By Lian Benasuly
The future of American democracy is entering dangerous territory, says author and civil rights scholar Ellis Cose, who spoke at UC Santa Barbara last week. Many states are using politics to limit the study of race and racism in schools. Black men are subject to police brutality daily in the 21st century. And leaving African American voices out of history books is only adding fuel to the fire, Cose said.
“Rewriting history makes it difficult to understand why this system sees young Black men as a threat, and often treats them as such before they treat them as anything else. It makes it hard to deal with the reality of America today,” Cose said.
Since the nation’s founding, two distinct threats to democracy in the United States have only intensified—a social threat and an institutional threat, said Cose. He blamed both the educational curriculum and our foundational institutions, including the Constitution, which led to inequities in representation.
Although both pose dangers to our democracy, the social threat presents a more pervasive risk to the future of American democracy, he said at a talk sponsored by the Walter H. Capps Center for the Study of Ethics, Religion and Public life.
“The institutional threats can be changed, if we can get a consensus of like-minded and relatively sane people to do that,” Cose said. “The [social threat] is rooted in deep emotions illogic and it’s harder to change that because you have a lot of deeply held beliefs that just don’t make sense.”
UCSB’s Capps Center partnered with Cose’s Renewing American Democracy project to bring him to campus. The project is run by Long Island University, Northwestern University’s Medill School of Journalism, and the USC Annenberg Center on Communication Leadership & Policy and aims to uplift voices left out of the conversation on American democracy.
Cose has written a dozen books that concern race, democracy and civil liberties. His talk at UCSB outlined the premise of his most recent one, “Race and Reckoning: From Founding Fathers to Today's Disruptors,” which traces how democracy in the U.S. has evolved over centuries, leading it to now enter dangerous territory.
During the event, Cose told stories about American history and his own life to address what he considers threats to our democracy.
When Cose’s daughter was seven years old, she asked him why Black people in the U.S. need a month of their own. He explained to her about the slave trade, the Jim Crow era and the civil rights movement of the 1960s. She then asked him if the U.S. president at the time of slavery was Black.
For Cose, this conversation with his daughter underscored the importance of Black History Month.
“The only president she had known had been Barack Obama,” Cose said. “From her perspective, it was perfectly logical. Why couldn’t the president be Black, or for that matter be a woman?”

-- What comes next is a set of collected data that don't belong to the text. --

(* Let $\boldsymbol X \in \mathbb{R}^{n\times d}$, $\boldsymbol y \in \mathbb{R}^n$, $\boldsymbol M = \boldsymbol X^\top \boldsymbol X$, $\boldsymbol r = \boldsymbol X^\top \boldsymbol y$. Assume (A1) $\boldsymbol r > \mathbf 0$ and (A2) $M_{ij}\le 0$ for all $i\neq j$. Let $\boldsymbol C>\mathbf 0$, $\boldsymbol k>\mathbf 0$ in $\mathbb{R}^d$, and for $\varepsilon>0$ let $\boldsymbol\theta^{(\varepsilon)}(t)$ solve $$\frac{\mathrm d \theta_i}{\mathrm d t} = \theta_i\Big(r_i - \sum_{j=1}^d M_{ij}\theta_j\Big),\quad i=1,\dots,d,$$ with $\boldsymbol\theta^{(\varepsilon)}(0) = (C_1\varepsilon^{k_1},\dots,C_d\varepsilon^{k_d})$. Using the rescaled time $s$ with $t = s\log\frac1\varepsilon$, define $w_i^{(\varepsilon)}(s) = \frac{\log\theta_i^{(\varepsilon)}(s\log\frac1\varepsilon)}{\log\varepsilon}$ and $\boldsymbol z^{(\varepsilon)}(s) = \int_0^s \boldsymbol\theta^{(\varepsilon)}(u\log\tfrac1\varepsilon)\,\mathrm du$. For $s\ge0$, let $(\boldsymbol w(s),\boldsymbol z(s))\in(\mathbb{R}^d)^2$ be the unique solution of the linear complementarity problem $$\boldsymbol w = \boldsymbol k - s\boldsymbol r + \boldsymbol M\boldsymbol z,\qquad \boldsymbol w\ge\mathbf 0,\quad \boldsymbol z\ge \mathbf 0,\quad \boldsymbol w^\top\boldsymbol z = 0.$$ Then $\boldsymbol w^{(\varepsilon)}(s)\to\boldsymbol w(s)$ and $\boldsymbol z^{(\varepsilon)}(s)\to\boldsymbol z(s)$ as $\varepsilon\to0$, uniformly for $s$ in compact subsets of $\mathbb{R}_{\ge0}$.
   Context: Vector inequalities are coordinatewise. Under (A1)–(A2), $\boldsymbol M$ is symmetric positive definite, so the linear complementarity problem above has a unique solution for each $s$. *)

theory Defs
  imports "HOL-Analysis.Analysis"
begin

end

theory Submission
  imports Defs "HOL-Real_Asymp.Real_Asymp"
begin

(* With L = ln (1/eps), put Z(s) = integral of theta(u L) over [0, s]. Integrating the
   logarithmic derivative of the Lotka-Volterra system gives
   theta_i(s L) = C_i exp (- L (k - s r + M Z(s))_i); hence the log-rescaled trajectory is
   k - s r + M Z(s) - (ln C)/L, and Z solves Z' = C exp (- L (k - s r + M Z)).
   For large L this exponential forces Z to track the LCP path z: with p > 0 and M p >= 1,
   a first crossing of the barrier z + eta (1 + s) p from below, or of z - eta p from above,
   is ruled out by the Z-matrix sign pattern and by complementarity respectively. So Z -> z
   uniformly on compact intervals, and the log-rescaled trajectory -> k - s r + M z = w. *)

section \<open>Z-matrices and the parametric LCP\<close>

definition Z_matrix :: "real^'n^'n \<Rightarrow> bool" where
  "Z_matrix M \<longleftrightarrow> (\<forall>i j. i \<noteq> j \<longrightarrow> M $ i $ j \<le> 0)"

definition lcp_solution :: "real^'n^'n \<Rightarrow> real^'n \<Rightarrow> real^'n \<Rightarrow> real^'n \<Rightarrow> bool" where
  "lcp_solution M q w z \<longleftrightarrow>
     w = q + M *v z \<and> (\<forall>i. 0 \<le> w $ i) \<and> (\<forall>i. 0 \<le> z $ i) \<and> w \<bullet> z = 0"

lemma lcp_solution_complementary:
  assumes "lcp_solution M q w z"
  shows "w $ i * z $ i = 0"
proof -
  obtain w_nonneg: "\<forall>j. 0 \<le> w $ j" and z_nonneg: "\<forall>j. 0 \<le> z $ j" and "w \<bullet> z = 0"
    using assms unfolding lcp_solution_def by blast
  then have "(\<Sum>j\<in>UNIV. w $ j * z $ j) = 0"
    by (simp add: inner_vec_def)
  moreover have "\<forall>j\<in>UNIV. 0 \<le> w $ j * z $ j"
    using w_nonneg z_nonneg by simp
  ultimately show ?thesis
    using sum_nonneg_eq_0_iff[of UNIV "\<lambda>j. w $ j * z $ j"] by simp
qed

lemma Z_matrix_row_le_if_touching:
  assumes M: "Z_matrix M" and le: "\<And>j. a $ j \<le> c $ j" and eq: "a $ i = c $ i"
  shows "(M *v c) $ i \<le> (M *v a) $ i"
proof -
  have "M $ i $ j * c $ j \<le> M $ i $ j * a $ j" for j
  proof (cases "j = i")
    case False
    then show ?thesis
      using M le[of j] by (intro mult_left_mono_neg) (auto simp: Z_matrix_def)
  qed (simp add: eq)
  then show ?thesis
    unfolding matrix_vector_mult_def by (simp add: sum_mono)
qed

lemma obtain_max_ratio:
  fixes a b p :: "real^'n"
  assumes p: "\<And>j. 0 < p $ j"
  obtains i m where "\<And>j. a $ j \<le> b $ j + m * p $ j" and "a $ i = b $ i + m * p $ i"
proof -
  define ratio where "ratio j = (a $ j - b $ j) / p $ j" for j
  have "Max (range ratio) \<in> range ratio"
    by (rule Max_in) auto
  then obtain i where i: "Max (range ratio) = ratio i"
    by blast
  have max: "ratio j \<le> ratio i" for j
    unfolding i[symmetric] by (rule Max_ge) auto
  have "a $ j - b $ j \<le> ratio i * p $ j" for j
    using max[of j] p[of j] by (simp add: ratio_def[of j] pos_divide_le_eq)
  then have "a $ j \<le> b $ j + ratio i * p $ j" for j
    by (simp add: algebra_simps)
  moreover have "a $ i = b $ i + ratio i * p $ i"
    using p[of i] by (simp add: ratio_def)
  ultimately show thesis
    by (rule that)
qed

lemma first_time_some_nonneg:
  fixes g :: "'i::finite \<Rightarrow> real \<Rightarrow> real"
  assumes cont: "\<And>j. continuous_on {0..S} (g j)" and start: "\<And>j. g j 0 < 0"
    and reach: "s0 \<in> {0..S}" "0 \<le> g j0 s0"
  obtains s1 j where "0 < s1" "s1 \<le> S" "0 \<le> g j s1" "\<And>s j. 0 \<le> s \<Longrightarrow> s < s1 \<Longrightarrow> g j s < 0"
proof -
  define B where "B = (\<Union>j. {s \<in> {0..S}. 0 \<le> g j s})"
  have "closed B"
    unfolding B_def
    by (intro closed_UN ballI continuous_on_closed_Collect_le[OF continuous_on_const cont]) auto
  moreover have "B \<noteq> {}" "bdd_below B"
    using reach by (auto simp: B_def bdd_below_def)
  ultimately have "Inf B \<in> B"
    by (intro closed_contains_Inf)
  then obtain j where j: "Inf B \<in> {0..S}" "0 \<le> g j (Inf B)"
    by (auto simp: B_def)
  have before: "g j' s < 0" if "0 \<le> s" "s < Inf B" for s j'
  proof (rule ccontr)
    assume "\<not> g j' s < 0"
    then have "s \<in> B"
      using that j(1) by (auto simp: B_def not_less)
    then show False
      using cInf_lower[OF _ \<open>bdd_below B\<close>] that(2) by fastforce
  qed
  have "Inf B \<noteq> 0"
    using j(2) start[of j] by auto
  with j before show thesis
    by (intro that[of "Inf B" j]) auto
qed

text \<open>At the first crossing time pick the coordinate i maximising (a - b)/p; then
  a \<le> b + m p with equality at i, and the Z-matrix sign pattern transfers this to row i.\<close>
lemma Z_matrix_first_touch:
  fixes a b :: "real \<Rightarrow> real^'n"
  assumes M: "Z_matrix M" and p: "\<And>j. 0 < p $ j"
    and cont: "continuous_on {0..S} a" "continuous_on {0..S} b"
    and start: "\<And>j. a 0 $ j < b 0 $ j"
    and reach: "s0 \<in> {0..S}" "b s0 $ j0 \<le> a s0 $ j0"
  obtains s1 i m where "0 < s1" "s1 \<le> S" "0 \<le> m" "a s1 $ i = b s1 $ i + m * p $ i"
    "(M *v b s1) $ i + m * (M *v p) $ i \<le> (M *v a s1) $ i"
    "\<And>s. 0 \<le> s \<Longrightarrow> s < s1 \<Longrightarrow> a s $ i < b s $ i"
proof -
  have cont': "continuous_on {0..S} (\<lambda>s. a s $ j - b s $ j)" for j
    using cont by (intro continuous_intros)
  have start': "a 0 $ j - b 0 $ j < 0" for j
    using start[of j] by simp
  have reach': "0 \<le> a s0 $ j0 - b s0 $ j0"
    using reach(2) by simp
  obtain s1 j where s1: "0 < s1" "s1 \<le> S" "0 \<le> a s1 $ j - b s1 $ j"
    and before: "\<And>s j. 0 \<le> s \<Longrightarrow> s < s1 \<Longrightarrow> a s $ j - b s $ j < 0"
    using first_time_some_nonneg[where g = "\<lambda>j s. a s $ j - b s $ j", OF cont' start' reach(1) reach']
    by blast
  obtain i m where le: "\<And>j. a s1 $ j \<le> b s1 $ j + m * p $ j" and eq: "a s1 $ i = b s1 $ i + m * p $ i"
    using obtain_max_ratio[OF p, of "a s1" "b s1"] by blast
  have "0 \<le> m * p $ j"
    using le[of j] s1(3) by simp
  then have "0 \<le> m"
    using p[of j] by (simp add: zero_le_mult_iff)
  moreover have "(M *v (b s1 + m *\<^sub>R p)) $ i \<le> (M *v a s1) $ i"
    using le eq by (intro Z_matrix_row_le_if_touching[OF M]) auto
  then have "(M *v b s1) $ i + m * (M *v p) $ i \<le> (M *v a s1) $ i"
    by (simp add: matrix_vector_right_distrib matrix_vector_mult_scaleR)
  moreover have "a s $ i < b s $ i" if "0 \<le> s" "s < s1" for s
    using before[OF that, of i] by simp
  ultimately show thesis
    using that s1(1,2) eq by blast
qed

locale Z_matrix_lcp_path =
  fixes M :: "real^'n^'n" and r k :: "real^'n" and w z :: "real \<Rightarrow> real^'n"
  assumes Z_matrix: "Z_matrix M"
    and r_pos: "\<And>i. 0 < r $ i"
    and k_pos: "\<And>i. 0 < k $ i"
    and lcp: "\<And>s. 0 \<le> s \<Longrightarrow> lcp_solution M (k - s *\<^sub>R r) (w s) (z s)"
begin

lemma w_eq: "0 \<le> s \<Longrightarrow> w s = k - s *\<^sub>R r + M *v z s"
  using lcp by (simp add: lcp_solution_def)

lemma w_nonneg: "0 \<le> s \<Longrightarrow> 0 \<le> w s $ i"
  using lcp unfolding lcp_solution_def by blast

lemma z_nonneg: "0 \<le> s \<Longrightarrow> 0 \<le> z s $ i"
  using lcp unfolding lcp_solution_def by blast

lemma w_eq_0_if_z_pos:
  assumes "0 \<le> s" "0 < z s $ i"
  shows "w s $ i = 0"
  using lcp_solution_complementary[OF lcp[OF assms(1)], of i] assms(2) by simp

Since America’s founding, African American narratives have consistently been left out of the educational curriculum, Cose said. So, in 1926, scholar Carter Woodson decided to establish the second week of February as Negro History Week to deepen the study of African American History in the U.S. This eventually evolved to Black History Month, officially marked since 1976.
But even in the 21st century, African American narratives are left out of the equation, Cose says, which alters how both Black and non-Black students in the U.S. come to understand the African American experience.
He noted that 18 states have passed anti-Critical Race Theory laws to impose restrictions on curriculum about race and racism that may engender “feelings of guilt” in students for past actions by others of their race.
“The purpose of [this] legislation is to protect supposedly vulnerable people from dangerous history. Because if school kids are taught that we had a history that had some ugly stuff, and that had some discriminatory stuff, then they may find it hard to sleep at night,” Cose said. “Therefore, it’s much better to just ignore that history altogether.”
But protecting some individuals from feelings of guilt and shame will not create a more equitable future in the U.S., because selective history compels people to conform to the status quo, he believes.
“Rewriting history makes it easy to accept that where we are now in terms of disparities is the natural order, as opposed to being something that was created by society,” Cose said.
Institutions and foundational documents that this country was built upon—including the Constitution—pose an addition threat to democracy. To illustrate this, Cose cited differences in U.S. demographics in the late 1700s compared to now.
In 1779, Virginia was the most populous state at only eight times the size of the smallest state, Delaware. But now, the most populated state—California—is 67 times the size of the smallest state—Wyoming. So, the two-senator rule written into the Constitution does not make sense for our democracy today, Cose says.
“We have this document here, which has helped this country to survive but also has this structure that has made us into an increasingly undemocratic society,” Cose said. “The Constitution was created by geniuses and worked quite well for 1789 America. But we don’t live in that America anymore.”
Still, Cose doesn’t believe young Americans need lose all hope. He urges Generation Z to elect people to Congress who they believe will help find solutions to these threats.
“It’s going to take a lot of effort by a lot of people, but I don’t think individuals are powerless in society. I think if we acknowledge this, then that will lead us in a better direction,” Cose said.
Lian Benasuly is a fourth-year student studying communication and minoring in professional writing through the journalism track. She is a web and social media intern for the Division of Humanities and Fine Arts.